lemma integrable_exp_growth_gauss_exp:
  assumes "exp_growth g" "continuous_on UNIV g"
  shows "integrable lborel (\<lambda>x. g x * gauss_exp b x)"
proof -
  obtain D c where bound: "\<And>x. norm (g x * gauss_exp b x) \<le> D * exp (c * \<bar>x\<bar> - x ^ 2)"
    using exp_growth_gauss_exp_bound[OF assms(1), where b = b] by blast
  show ?thesis
  proof (rule Bochner_Integration.integrable_bound)
    show "integrable lborel (\<lambda>x. D * exp (c * \<bar>x\<bar> - x ^ 2))"
      by (intro integrable_mult_right integrable_exp_abs_quadratic)
    show "(\<lambda>x. g x * gauss_exp b x) \<in> borel_measurable lborel"
      by (simp add: borel_measurable_continuous_onI continuous_on_mult assms(2) continuous_on_gauss_exp)
    show "AE x in lborel. norm (g x * gauss_exp b x) \<le> norm (D * exp (c * \<bar>x\<bar> - x ^ 2))"
      by (intro AE_I2 order_trans[OF bound]) (simp only: real_norm_def abs_ge_self)
  qed
qed

lemma tendsto_exp_growth_gauss_exp:
  assumes "exp_growth g"
  shows "((\<lambda>x. g x * gauss_exp b x) \<longlongrightarrow> 0) at_top"
    and "((\<lambda>x. g x * gauss_exp b x) \<longlongrightarrow> 0) at_bot"
proof -
  obtain D c where bound: "\<And>x. norm (g x * gauss_exp b x) \<le> D * exp (c * \<bar>x\<bar> - x ^ 2)"
    using exp_growth_gauss_exp_bound[OF assms, where b = b] by blast
  have eventually_bound: "\<forall>\<^sub>F x in F. norm (g x * gauss_exp b x) \<le> D * exp (c * \<bar>x\<bar> - x ^ 2)" for F
    by (intro always_eventually allI bound)
  show "((\<lambda>x. g x * gauss_exp b x) \<longlongrightarrow> 0) at_top"
    by (rule Lim_null_comparison[OF eventually_bound tendsto_mult_right_zero[OF tendsto_exp_abs_quadratic(1)]])
  show "((\<lambda>x. g x * gauss_exp b x) \<longlongrightarrow> 0) at_bot"
    by (rule Lim_null_comparison[OF eventually_bound tendsto_mult_right_zero[OF tendsto_exp_abs_quadratic(2)]])
qed

lemma integral_gauss_exp_by_parts:
  assumes deriv: "\<And>x. (g has_vector_derivative g' x) (at x)"
    and growth: "exp_growth g" "exp_growth g'"
    and cont: "continuous_on UNIV g'"
  shows "(\<integral>x. (g' x + (b - 2 * of_real x) * g x) * gauss_exp b x \<partial>lborel) = 0"
proof -
  define h where "h x = g' x + (b - 2 * of_real x) * g x" for x
  have cont_g: "continuous_on UNIV g"
    using deriv by (meson continuous_at_imp_continuous_on has_vector_derivative_continuous)
  have "exp_growth h"
    unfolding h_def using growth by (intro exp_growth_add exp_growth_mult exp_growth_diff exp_growth_const exp_growth_of_real)
  moreover have cont_h: "continuous_on UNIV h"
    unfolding h_def using cont cont_g by (intro continuous_intros)
  ultimately have integrable_h: "integrable lborel (\<lambda>x. h x * gauss_exp b x)"
    by (rule integrable_exp_growth_gauss_exp)
  have "(LBINT x=-\<infinity>..\<infinity>. h x * gauss_exp b x) = 0 - 0"
  proof (rule interval_integral_FTC_integrable[where F = "\<lambda>x. g x * gauss_exp b x"])
    show "((\<lambda>x. g x * gauss_exp b x) has_vector_derivative h x * gauss_exp b x) (at x)" for x
      using has_vector_derivative_mult[OF deriv gauss_exp_has_vector_derivative]
      by (simp add: h_def algebra_simps)
    have "continuous_on UNIV (\<lambda>x. h x * gauss_exp b x)"
      using cont_h by (intro continuous_intros)
    then show "isCont (\<lambda>x. h x * gauss_exp b x) x" for x
      by (simp add: continuous_on_eq_continuous_at)
    show "set_integrable lborel (einterval (-\<infinity>) \<infinity>) (\<lambda>x. h x * gauss_exp b x)"
      using integrable_h by (simp add: set_integrable_def einterval_eq_UNIV)
    show "(((\<lambda>x. g x * gauss_exp b x) \<circ> real_of_ereal) \<longlongrightarrow> 0) (at_right (-\<infinity>))"
      unfolding ereal_tendsto_simps1 by (rule tendsto_exp_growth_gauss_exp(2)[OF growth(1)])
    show "(((\<lambda>x. g x * gauss_exp b x) \<circ> real_of_ereal) \<longlongrightarrow> 0) (at_left \<infinity>)"
      unfolding ereal_tendsto_simps1 by (rule tendsto_exp_growth_gauss_exp(1)[OF growth(1)])
  qed auto
  then show ?thesis
    by (simp add: interval_lebesgue_integral_def set_lebesgue_integral_def einterval_eq_UNIV h_def)
qed

section \<open>Hermite moments\<close>

lemma hermite_poly_Suc:
  "hermite_poly (Suc l) x = 2 * x * hermite_poly l x - 2 * real l * hermite_poly (l - 1) x"
  by (cases l) simp_all

lemma hermite_poly_has_real_derivative:
  "(hermite_poly l has_real_derivative 2 * real l * hermite_poly (l - 1) x) (at x)"
proof (induction l arbitrary: x rule: induct_nat_012)
  case (ge2 n)
  have "hermite_poly (Suc (Suc n)) = (\<lambda>x. 2 * x * hermite_poly (Suc n) x - 2 * real (Suc n) * hermite_poly n x)"
    by auto
  moreover have "((\<lambda>x. 2 * x * hermite_poly (Suc n) x - 2 * real (Suc n) * hermite_poly n x) has_real_derivative
      2 * hermite_poly (Suc n) x + 2 * x * (2 * real (Suc n) * hermite_poly n x) - 2 * real (Suc n) * (2 * real n * hermite_poly (n - 1) x)) (at x)"
    using ge2.IH by (auto intro!: derivative_eq_intros)
  moreover have "2 * hermite_poly (Suc n) x + 2 * x * (2 * real (Suc n) * hermite_poly n x) - 2 * real (Suc n) * (2 * real n * hermite_poly (n - 1) x)
      = 2 * real (Suc (Suc n)) * hermite_poly (Suc n) x"
    by (simp add: hermite_poly_Suc[of n] algebra_simps)
  ultimately show ?case
    by simp
next
  case 0
  have "hermite_poly 0 = (\<lambda>x. 1)"
    by auto
  then show ?case
    by simp
next
  case 1
  have "hermite_poly (Suc 0) = (\<lambda>x. 2 * x)"
    by auto
  then show ?case
    by (auto intro!: derivative_eq_intros)
qed

lemma continuous_on_hermite_poly [continuous_intros]: "continuous_on S (hermite_poly l)"
  using hermite_poly_has_real_derivative
  by (meson DERIV_isCont continuous_at_imp_continuous_on)

lemma exp_growth_hermite_poly: "exp_growth (\<lambda>x. of_real (hermite_poly l x))"
proof (induction l rule: induct_nat_012)
  case (ge2 n)
  have "exp_growth (\<lambda>x. 2 * of_real x * of_real (hermite_poly (Suc n) x) - of_real (2 * real (Suc n)) * of_real (hermite_poly n x))"
    using ge2.IH by (intro exp_growth_diff exp_growth_mult exp_growth_const exp_growth_of_real)
  then show ?case
    by simp
qed (auto intro: exp_growth_const exp_growth_mult exp_growth_of_real)

lemma hermite_moment_Suc:
  "(\<integral>x. of_real (hermite_poly (Suc l) x) * gauss_exp b x \<partial>lborel)
     = b * (\<integral>x. of_real (hermite_poly l x) * gauss_exp b x \<partial>lborel)"
proof -
  define H where "H k x = (of_real (hermite_poly k x) :: complex)" for k x
  define H' where "H' x = of_real (2 * real l) * H (l - 1) x" for x
  have growth: "exp_growth (H k)" for k
    unfolding H_def by (rule exp_growth_hermite_poly)
  have cont: "continuous_on UNIV (H k)" for k
    unfolding H_def by (intro continuous_intros)
  have deriv: "(H l has_vector_derivative H' x) (at x)" for x
    unfolding H_def H'_def using has_vector_derivative_of_real[OF hermite_poly_has_real_derivative] by simp
  have growth': "exp_growth H'" and cont': "continuous_on UNIV H'"
    unfolding H'_def by (intro exp_growth_mult exp_growth_const growth continuous_intros cont)+
  have recurrence: "H (Suc l) x * gauss_exp b x = b * (H l x * gauss_exp b x) - (H' x + (b - 2 * of_real x) * H l x) * gauss_exp b x" for x
    unfolding H_def H'_def hermite_poly_Suc by (simp add: algebra_simps)
  have "(\<integral>x. H (Suc l) x * gauss_exp b x \<partial>lborel)
      = b * (\<integral>x. H l x * gauss_exp b x \<partial>lborel) - (\<integral>x. (H' x + (b - 2 * of_real x) * H l x) * gauss_exp b x \<partial>lborel)"
  proof -
    have "integrable lborel (\<lambda>x. H l x * gauss_exp b x)"
      by (intro integrable_exp_growth_gauss_exp growth cont)
    moreover have "integrable lborel (\<lambda>x. (H' x + (b - 2 * of_real x) * H l x) * gauss_exp b x)"
      by (intro integrable_exp_growth_gauss_exp exp_growth_add exp_growth_mult exp_growth_diff
          exp_growth_const exp_growth_of_real growth growth' continuous_intros cont cont')
    ultimately show ?thesis
      unfolding recurrence by simp
  qed
  also have "(\<integral>x. (H' x + (b - 2 * of_real x) * H l x) * gauss_exp b x \<partial>lborel) = 0"
    by (rule integral_gauss_exp_by_parts[OF deriv growth growth' cont'])
  finally show ?thesis
    by (simp add: H_def)
qed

-----

- Try it -
Every line above from the line with "UNIV (\<lambda>x. h" to the line with "real_of_ereal) \<longlongrightarrow> 0) (at_right" is wanted, ends included; write them out exactly and add no other line.

- Task result -
    have "continuous_on UNIV (\<lambda>x. h x * gauss_exp b x)"
      using cont_h by (intro continuous_intros)
    then show "isCont (\<lambda>x. h x * gauss_exp b x) x" for x
      by (simp add: continuous_on_eq_continuous_at)
    show "set_integrable lborel (einterval (-\<infinity>) \<infinity>) (\<lambda>x. h x * gauss_exp b x)"
      using integrable_h by (simp add: set_integrable_def einterval_eq_UNIV)
    show "(((\<lambda>x. g x * gauss_exp b x) \<circ> real_of_ereal) \<longlongrightarrow> 0) (at_right (-\<infinity>))"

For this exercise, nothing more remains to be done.